(Saved data entries)
##############################

(* For every PICOD hypergraph $\mathcal{H}$ with $\Delta(\mathcal{H})\ge 1$ and every prime power $q$, $\beta_q(\mathcal{H})\le\Delta(\mathcal{H})$.
   Context: PICOD problem: a server holds $m$ messages $b_1,\dots,b_m\in\mathbb{F}_q$; there are $n$ clients, client $i$ having side-information $\{b_j: j\in S_i\}$, $S_i\subseteq[m]$, and request-set $R_i=[m]\setminus S_i$ (assumed non-empty); client $i$ wants any one message $b_j$ with $j\in R_i$. A PICOD scheme of length $\ell$ over $\mathbb{F}_q$ is an encoding map $\phi:\mathbb{F}_q^m\to\mathbb{F}_q^\ell$ such that for every client $i$ there is an index $j_i\in R_i$ and a function $\psi_i$ with $\psi_i(\phi(b),(b_k)_{k\in S_i})=b_{j_i}$ for all $b\in\mathbb{F}_q^m$. The PICOD hypergraph $\mathcal{H}$ has vertex set $[m]$ and edge set $\{R_i:i\in[n]\}$. $\beta_q(\mathcal{H})$ is the minimum length of a PICOD scheme for $\mathcal{H}$ over $\mathbb{F}_q$. The degree of a vertex is the number of edges containing it, and $\Delta(\mathcal{H})$ is the maximum degree over all vertices. *)

theory Defs
  imports Main
begin

text \<open>Messages b_1..b_m are modelled as vectors b :: nat => 'q indexed by 0..m-1
  (entries outside {0..<m} are fixed to 0). Clients are indexed by 0..n-1;
  client i has request set R i (a subset of {0..<m}) and side information
  S_i = {0..<m} - R i.\<close>

definition msgs :: "nat \<Rightarrow> (nat \<Rightarrow> 'q::zero) set" where
  "msgs m = {b. \<forall>j. j \<ge> m \<longrightarrow> b j = 0}"

definition side_info :: "nat \<Rightarrow> nat set \<Rightarrow> (nat \<Rightarrow> 'q::zero) \<Rightarrow> (nat \<Rightarrow> 'q)" where
  "side_info m Ri b = (\<lambda>k. if k \<in> {0..<m} - Ri then b k else 0)"

definition picod_scheme ::
  "nat \<Rightarrow> nat \<Rightarrow> (nat \<Rightarrow> nat set) \<Rightarrow> nat \<Rightarrow> ((nat \<Rightarrow> 'q::field) \<Rightarrow> 'q list) \<Rightarrow> bool" where
  "picod_scheme m n R l \<phi> \<longleftrightarrow>
     (\<forall>b \<in> msgs m. length (\<phi> b) = l) \<and>
     (\<forall>i<n. \<exists>j \<in> R i. \<exists>\<psi> :: 'q list \<Rightarrow> (nat \<Rightarrow> 'q) \<Rightarrow> 'q.
        \<forall>b \<in> msgs m. \<psi> (\<phi> b) (side_info m (R i) b) = b j)"

definition beta :: "'q::field itself \<Rightarrow> nat \<Rightarrow> nat \<Rightarrow> (nat \<Rightarrow> nat set) \<Rightarrow> nat" where
  "beta _ m n R = (LEAST l. \<exists>\<phi> :: (nat \<Rightarrow> 'q) \<Rightarrow> 'q list. picod_scheme m n R l \<phi>)"

definition edges :: "nat \<Rightarrow> (nat \<Rightarrow> nat set) \<Rightarrow> nat set set" where
  "edges n R = R ` {..<n}"

definition degree :: "nat \<Rightarrow> (nat \<Rightarrow> nat set) \<Rightarrow> nat \<Rightarrow> nat" where
  "degree n R v = card {e \<in> edges n R. v \<in> e}"

definition max_degree :: "nat \<Rightarrow> nat \<Rightarrow> (nat \<Rightarrow> nat set) \<Rightarrow> nat" where
  "max_degree m n R = Max (insert 0 (degree n R ` {..<m}))"

definition picod_hypergraph :: "nat \<Rightarrow> nat \<Rightarrow> (nat \<Rightarrow> nat set) \<Rightarrow> bool" where
  "picod_hypergraph m n R \<longleftrightarrow> (\<forall>i<n. R i \<subseteq> {0..<m} \<and> R i \<noteq> {})"

end

theory Submission
  imports Defs
begin

text \<open>A set T meeting every request set in at most one element, and maximal with this
  property, meets some request set containing v in exactly one element, for every
  covered vertex v. Removing the request sets met exactly once lowers every positive
  degree, so by induction on \<Delta> there are sets T_1, ..., T_\<Delta> such that each request set
  meets some T_k in a single element j. Transmitting the sums of the messages over each
  T_k then lets a client decode b_j, since all other summands lie in its side information.\<close>

lemma maximal_at_most_once_set:
  fixes E :: "'a set set"
  assumes "finite V" and "\<forall>e\<in>E. e \<subseteq> V"
  obtains T where "T \<subseteq> V" and "\<forall>e\<in>E. card (e \<inter> T) \<le> 1"
    and "\<forall>v\<in>V. (\<exists>e\<in>E. v \<in> e) \<longrightarrow> (\<exists>e\<in>E. v \<in> e \<and> card (e \<inter> T) = 1)"
proof -
  define A where "A = {T. T \<subseteq> V \<and> (\<forall>e\<in>E. card (e \<inter> T) \<le> 1)}"
  have "finite A" using \<open>finite V\<close> by (intro finite_subset[of A "Pow V"]) (auto simp: A_def)
  moreover have "{} \<in> A" unfolding A_def by simp
  ultimately obtain T where "T \<in> A" and T_max: "\<forall>B\<in>A. T \<subseteq> B \<longrightarrow> T = B"
    using finite_has_maximal by blast
  then have T_sub: "T \<subseteq> V" and T_le: "\<forall>e\<in>E. card (e \<inter> T) \<le> 1" by (auto simp: A_def)
  have "finite T" using T_sub \<open>finite V\<close> finite_subset by blast
  have "\<exists>e'\<in>E. v \<in> e' \<and> card (e' \<inter> T) = 1" if "v \<in> V" "e \<in> E" "v \<in> e" for v e
  proof (cases "v \<in> T")
    case True
    then have "card (e \<inter> T) \<noteq> 0" using \<open>v \<in> e\<close> \<open>finite T\<close> by auto
    then show ?thesis using T_le that by (metis le_antisym less_one not_le)
  next
    case False
    have "insert v T \<notin> A" using T_max False by blast
    then obtain e' where "e' \<in> E" and big: "card (e' \<inter> insert v T) > 1"
      unfolding A_def using \<open>v \<in> V\<close> T_sub by (auto simp: not_le)
    moreover have "v \<in> e'"
      using big T_le \<open>e' \<in> E\<close> by (metis Int_insert_right not_le)
    ultimately have "card (e' \<inter> T) \<ge> 1"
      using False \<open>finite T\<close> by simp
    then show ?thesis using T_le \<open>e' \<in> E\<close> \<open>v \<in> e'\<close> by (metis le_antisym)
  qed
  with T_sub T_le that show thesis by blast
qed

lemma exists_exactly_once_hitting_sets:
  fixes E :: "'a set set"
  assumes "finite V" and "\<forall>e\<in>E. e \<subseteq> V \<and> e \<noteq> {}"
    and "\<forall>v\<in>V. card {e\<in>E. v \<in> e} \<le> d"
  shows "\<exists>Ts. length Ts = d \<and> set Ts \<subseteq> Pow V \<and> (\<forall>e\<in>E. \<exists>T\<in>set Ts. card (e \<inter> T) = 1)"
  using assms(2,3)
proof (induction d arbitrary: E)
  case 0
  have "finite E" using \<open>finite V\<close> 0(1) by (intro finite_subset[of E "Pow V"]) auto
  have "E = {}"
  proof (rule ccontr)
    assume "E \<noteq> {}"
    then obtain e v where "e \<in> E" "v \<in> e" using 0(1) by blast
    then have "v \<in> V" and "{e\<in>E. v \<in> e} \<noteq> {}" using 0(1) by blast+
    moreover have "finite {e\<in>E. v \<in> e}" using \<open>finite E\<close> by simp
    moreover have "card {e\<in>E. v \<in> e} \<le> 0" using 0(2) \<open>v \<in> V\<close> by blast
    ultimately show False by (simp only: le_zero_eq card_0_eq)
  qed
  then show ?case by simp
next
  case (Suc d)
  have "finite E" using \<open>finite V\<close> Suc.prems(1) by (intro finite_subset[of E "Pow V"]) auto
  have "\<forall>e\<in>E. e \<subseteq> V" using Suc.prems(1) by blast
  then obtain T where T_sub: "T \<subseteq> V" and T_le: "\<forall>e\<in>E. card (e \<inter> T) \<le> 1"
    and T_hits: "\<forall>v\<in>V. (\<exists>e\<in>E. v \<in> e) \<longrightarrow> (\<exists>e\<in>E. v \<in> e \<and> card (e \<inter> T) = 1)"
    by (rule maximal_at_most_once_set[OF \<open>finite V\<close>])
  define E' where "E' = {e\<in>E. card (e \<inter> T) \<noteq> 1}"
  have E'_degree: "\<forall>v\<in>V. card {e\<in>E'. v \<in> e} \<le> d"
  proof
    fix v assume "v \<in> V"
    show "card {e\<in>E'. v \<in> e} \<le> d"
    proof (cases "\<exists>e\<in>E. v \<in> e")
      case False
      then have "{e\<in>E'. v \<in> e} = {}" by (auto simp: E'_def)
      then show ?thesis by (simp only: card.empty le0)
    next
      case True
      then obtain e where "e \<in> E" "v \<in> e" "card (e \<inter> T) = 1" using T_hits \<open>v \<in> V\<close> by blast
      then have "{e\<in>E'. v \<in> e} \<subset> {e\<in>E. v \<in> e}" by (auto simp: E'_def)
      then have "card {e\<in>E'. v \<in> e} < card {e\<in>E. v \<in> e}"
        using \<open>finite E\<close> by (simp add: psubset_card_mono)
      moreover have "card {e\<in>E. v \<in> e} \<le> Suc d" using Suc.prems(2) \<open>v \<in> V\<close> by blast
      ultimately show ?thesis by linarith
    qed
  qed
  have E'_edges: "\<forall>e\<in>E'. e \<subseteq> V \<and> e \<noteq> {}" using Suc.prems(1) by (simp add: E'_def)
  obtain Ts where "length Ts = d" "set Ts \<subseteq> Pow V"
    and Ts_hits: "\<forall>e\<in>E'. \<exists>T\<in>set Ts. card (e \<inter> T) = 1"
    using Suc.IH[OF E'_edges E'_degree] by blast
  moreover have "\<forall>e\<in>E. \<exists>T'\<in>set (T # Ts). card (e \<inter> T') = 1"
    using Ts_hits by (auto simp: E'_def)
  ultimately show ?case using T_sub by (intro exI[of _ "T # Ts"]) auto
qed

lemma picod_scheme_subset_sums:
  fixes Ts :: "nat set list"
  assumes Ts_sub: "\<forall>T\<in>set Ts. T \<subseteq> {0..<m}"
    and Ts_hits: "\<forall>i<n. \<exists>T\<in>set Ts. card (R i \<inter> T) = 1"
  shows "picod_scheme m n R (length Ts) (\<lambda>b :: nat \<Rightarrow> 'q::field. map (sum b) Ts)"
  unfolding picod_scheme_def
proof (intro conjI ballI allI impI)
  fix i assume "i < n"
  then obtain T where "T \<in> set Ts" "card (R i \<inter> T) = 1" using Ts_hits by blast
  then obtain j where j: "R i \<inter> T = {j}" using card_1_singletonE by blast
  obtain k where k: "k < length Ts" "Ts ! k = T" using \<open>T \<in> set Ts\<close> by (meson in_set_conv_nth)
  have "T \<subseteq> {0..<m}" using Ts_sub \<open>T \<in> set Ts\<close> by blast
  then have "finite T" by (rule finite_subset) simp
  define \<psi> where "\<psi> = (\<lambda>(y :: 'q list) s. y ! k - sum s (T - {j}))"
  have "\<psi> (map (sum b) Ts) (side_info m (R i) b) = b j" for b :: "nat \<Rightarrow> 'q"
  proof -
    have "sum (side_info m (R i) b) (T - {j}) = sum b (T - {j})"
      using j \<open>T \<subseteq> {0..<m}\<close> by (intro sum.cong) (auto simp: side_info_def)
    moreover have "sum b T = b j + sum b (T - {j})"
      using j \<open>finite T\<close> by (intro sum.remove) auto
    ultimately show ?thesis using k by (simp add: \<psi>_def)
  qed
  moreover have "j \<in> R i" using j by blast
  ultimately show "\<exists>j\<in>R i. \<exists>\<psi> :: 'q list \<Rightarrow> (nat \<Rightarrow> 'q) \<Rightarrow> 'q.
      \<forall>b\<in>msgs m. \<psi> (map (sum b) Ts) (side_info m (R i) b) = b j"
    by blast
qed simp

lemma degree_le_max_degree:
  assumes "v < m"
  shows "degree n R v \<le> max_degree m n R"
  unfolding max_degree_def using assms by (intro Max_ge) auto

theorem theorem1:
  fixes m n :: nat and R :: "nat \<Rightarrow> nat set"
  assumes "picod_hypergraph m n R"
    and "max_degree m n R \<ge> 1"
  shows "beta TYPE('q::{finite,field}) m n R \<le> max_degree m n R"
proof -
  have edges_sub: "\<forall>e\<in>edges n R. e \<subseteq> {0..<m} \<and> e \<noteq> {}"
    using assms(1) unfolding edges_def picod_hypergraph_def by blast
  have degrees_le: "\<forall>v\<in>{0..<m}. card {e\<in>edges n R. v \<in> e} \<le> max_degree m n R"
    using degree_le_max_degree unfolding degree_def by simp
  obtain Ts where "length Ts = max_degree m n R" and "set Ts \<subseteq> Pow {0..<m}"
    and Ts_hits: "\<forall>e\<in>edges n R. \<exists>T\<in>set Ts. card (e \<inter> T) = 1"
    using exists_exactly_once_hitting_sets[OF finite_atLeastLessThan edges_sub degrees_le] by blast
  moreover have "\<forall>i<n. \<exists>T\<in>set Ts. card (R i \<inter> T) = 1"
    using Ts_hits unfolding edges_def by simp
  ultimately have "picod_scheme m n R (max_degree m n R) (\<lambda>b :: nat \<Rightarrow> 'q. map (sum b) Ts)"
    using picod_scheme_subset_sums[of Ts m n R] by auto
  then show ?thesis unfolding beta_def by (intro Least_le) blast
qed

end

##############################

**Work order**
Above are the records; copy each line from them that includes the string "noteq".

**Solution for this problem**
  "picod_hypergraph m n R \<longleftrightarrow> (\<forall>i<n. R i \<subseteq> {0..<m} \<and> R i \<noteq> {})"
    then have "card (e \<inter> T) \<noteq> 0" using \<open>v \<in> e\<close> \<open>finite T\<close> by auto
  assumes "finite V" and "\<forall>e\<in>E. e \<subseteq> V \<and> e \<noteq> {}"
    assume "E \<noteq> {}"
    then have "v \<in> V" and "{e\<in>E. v \<in> e} \<noteq> {}" using 0(1) by blast+
  define E' where "E' = {e\<in>E. card (e \<inter> T) \<noteq> 1}"
  have E'_edges: "\<forall>e\<in>E'. e \<subseteq> V \<and> e \<noteq> {}" using Suc.prems(1) by (simp add: E'_def)
  have edges_sub: "\<forall>e\<in>edges n R. e \<subseteq> {0..<m} \<and> e \<noteq> {}"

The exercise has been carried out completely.